Wow… easily the best WYR I’ve ever thought of….
Ok popping bottles with Jay-Z is the pinnacle of partying. It far exceeds partying with anyone else…. including Charlie Sheen, 50 Cent, even Diddy. Sorry Diddy, send me a case of Ciroc or some shit. Supposedly Jay-Z once popped 75 bottles at Liv nightclub in Miami. That’s 75 more bottles than I can afford. I attempted to do the calculation on what that would cost and at $400 per bottle thats like $40k. But you know Diddy isn’t poppin off Georgi Vodka or anything. He’s got the quality stuff coming out bottle after bottle. The funniest part is he probably had that money upfront, all cash. I could probably come up with about an eighth of that money if I tried my hardest. Trying my hardest would include selling everyone of my rubies, flipping my lab top for a few hundo, stealing money from my abuela while she’s watching novelas, and probably getting a part-time gig at Chip’n’dales. But I’d never sell this lab top soooo that ain’t even happening.
Can you imagine popping bottles with Jay-Z? Roll up to the club in a Murcielago on 24” inch rims, valets opening your suicide doors on command, fresh pair of Gucci shades on, people tweeting non-stop, straight neck breaking…. You nod to the bouncer, walk immediately into the club and enter your VIP roped off section, cocktail waitresses are feeding you fruit and waving palm tree branches at you blowing a slight breeze your way. Every girl wants you because you’re “with” hova. You’re turning brazilian dimepieces down because your head is the size of shaq’s balls. Bottles of Dom Perignon with mortars attached to them are coming your way every 2 minutes. The night is epic.
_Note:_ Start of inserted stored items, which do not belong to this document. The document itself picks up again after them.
lemma ballot_span_mono:
  assumes "c' \<le> c" "f \<in> ballot_span k c'"
  shows "f \<in> ballot_span k c"
proof -
  obtain w where w: "\<forall>s<k - 1. w s = 0" "\<forall>a. f a = (\<Sum>s<c'. w s * ballot k ((k - 1) * a + s) a)"
    using assms(2) unfolding ballot_span_def by blast
  have "{..<c} \<inter> {s. s < c'} = {..<c'}"
    using assms(1) by auto
  then have "(\<Sum>s<c. of_bool (s < c') * (w s * ballot k ((k - 1) * a + s) a)) =
      (\<Sum>s<c'. w s * ballot k ((k - 1) * a + s) a)" for a
    by simp
  then show ?thesis
    unfolding ballot_span_def using w
    by (intro CollectI exI[of _ "\<lambda>s. of_bool (s < c') * w s"]) (auto simp: mult.assoc)
qed

lemma ballot_Suc_eq_sum_diagonal:
  assumes "k \<ge> 2" "(k - 1) * Suc d \<le> c"
  shows "ballot k ((k - 1) * a + c) (a + Suc d) =
    (\<Sum>c'\<in>{(k - 1) * Suc d..c}. ballot k ((k - 1) * a + c') (a + d))"
proof -
  define x0 where "x0 = (k - 1) * Suc (a + d) - 1"
  have x0_Suc: "Suc x0 = (k - 1) * Suc (a + d)"
    using assms(1) by (simp add: x0_def)
  also have "\<dots> = (k - 1) * Suc d + (k - 1) * a"
    by (metis distrib_left add_Suc add.commute)
  finally have x0: "Suc x0 = (k - 1) * Suc d + (k - 1) * a" .
  have "x0 + ((k - 1) * a + c - x0) = c + (k - 1) * a"
    using x0 assms(2) by simp
  moreover have "ballot k (x0 + ((k - 1) * a + c - x0)) (Suc (a + d)) =
      (\<Sum>s\<in>{Suc x0..x0 + ((k - 1) * a + c - x0)}. ballot k s (a + d))"
    using x0_Suc by (rule ballot_Suc_eq_sum)
  ultimately have "ballot k (c + (k - 1) * a) (a + Suc d) =
      (\<Sum>s\<in>{(k - 1) * Suc d + (k - 1) * a..c + (k - 1) * a}. ballot k s (a + d))"
    unfolding x0 by simp
  also have "\<dots> = (\<Sum>c'\<in>{(k - 1) * Suc d..c}. ballot k (c' + (k - 1) * a) (a + d))"
    by (rule sum.shift_bounds_cl_nat_ivl)
  finally show ?thesis
    by (simp only: add.commute)
qed

text \<open>Summing over the last step of the paths, \<open>ballot k x (a + d + 1)\<close> is a sum of ballot numbers
  at height \<open>a + d\<close>, each of which differs from a diagonal one by an element of a smaller span.\<close>

lemma ballot_shift_in_span:
  assumes "k \<ge> 2" "(k - 1) * d \<le> c"
  shows "(\<lambda>a. ballot k ((k - 1) * a + c) (a + d) - ballot k ((k - 1) * a + c) a) \<in> ballot_span k c"
  using assms(2)
proof (induction d arbitrary: c)
  case 0
  then show ?case using ballot_span_zero by simp
next
  case (Suc d)
  define step where "step c' a = ballot k ((k - 1) * a + c') (a + d)" for c' a
  have IH: "(\<lambda>a. step c' a - ballot k ((k - 1) * a + c') a) \<in> ballot_span k c" if "(k - 1) * d \<le> c'" "c' \<le> c" for c'
    using Suc.IH[OF that(1)] that(2) unfolding step_def by (rule ballot_span_mono[rotated])
  have "(\<lambda>a. (step c' a - ballot k ((k - 1) * a + c') a) + ballot k ((k - 1) * a + c') a) \<in> ballot_span k c"
    if "c' \<in> {(k - 1) * Suc d..<c}" for c'
    using that assms(1)
    by (intro ballot_span_add IH ballot_span_diagonal) (auto intro: order.trans[of _ "(k - 1) * Suc d"])
  then have "(\<lambda>a. \<Sum>c'\<in>{(k - 1) * Suc d..<c}. step c' a) \<in> ballot_span k c"
    by (intro ballot_span_sum) simp_all
  then have "(\<lambda>a. (\<Sum>c'\<in>{(k - 1) * Suc d..<c}. step c' a) +
      (step c a - ballot k ((k - 1) * a + c) a)) \<in> ballot_span k c"
    using Suc.prems by (intro ballot_span_add IH) simp_all
  moreover have "ballot k ((k - 1) * a + c) (a + Suc d) = (\<Sum>c'\<in>{(k - 1) * Suc d..<c}. step c' a) + step c a" for a
    unfolding ballot_Suc_eq_sum_diagonal[OF assms(1) Suc.prems] step_def
    using Suc.prems by (simp add: sum.last_plus)
  ultimately show ?case
    by (simp add: add_diff_eq)
qed

lemma gen_catalan_in_diagonal_span:
  assumes "k \<ge> 2"
  shows "\<exists>w. (\<forall>s<k - 1. w s = 0) \<and> (\<forall>a. gen_catalan ((k - 1) * a + c) k =
    ballot k ((k - 1) * a + c) a + (\<Sum>s<c. w s * ballot k ((k - 1) * a + s) a))"
proof -
  have "(k - 1) * (c div (k - 1)) \<le> c"
    by (rule times_div_less_eq_dividend)
  then have "(\<lambda>a. ballot k ((k - 1) * a + c) (a + c div (k - 1)) - ballot k ((k - 1) * a + c) a)
      \<in> ballot_span k c"
    by (rule ballot_shift_in_span[OF assms])
  then obtain w where w: "\<forall>s<k - 1. w s = 0" "\<forall>a. ballot k ((k - 1) * a + c) (a + c div (k - 1)) -
      ballot k ((k - 1) * a + c) a = (\<Sum>s<c. w s * ballot k ((k - 1) * a + s) a)"
    unfolding ballot_span_def by blast
  have "k - 1 \<noteq> 0"
    using assms by simp
  then have "gen_catalan ((k - 1) * a + c) k = ballot k ((k - 1) * a + c) (a + c div (k - 1))" for a
    by (simp add: gen_catalan_eq_ballot[OF assms])
  then show ?thesis
    using w by (intro exI[of _ w]) (simp add: diff_eq_eq add.commute)
qed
Now on the other hand you can experience something entirely different — eating a weed brownie with President Obama. You could ask Obama anything and (since he’s high) he would probably end up telling you inside information. You could get the answers to some of the world’s craziest questions. What’s it like to live in the White House? What’s it like having a secret service? How’s Air Force one? What’s the quintessence of dust? You would come out of that experience thinking you could part the sea. You’d also be laughing your head off with The President of the United States.
I’d go with eating the special brownie with President Obama because there’d be no hangover and you’d probably learn about all this insider stuff like secret drone attacks, and conspiracies, and all this homeland type shit.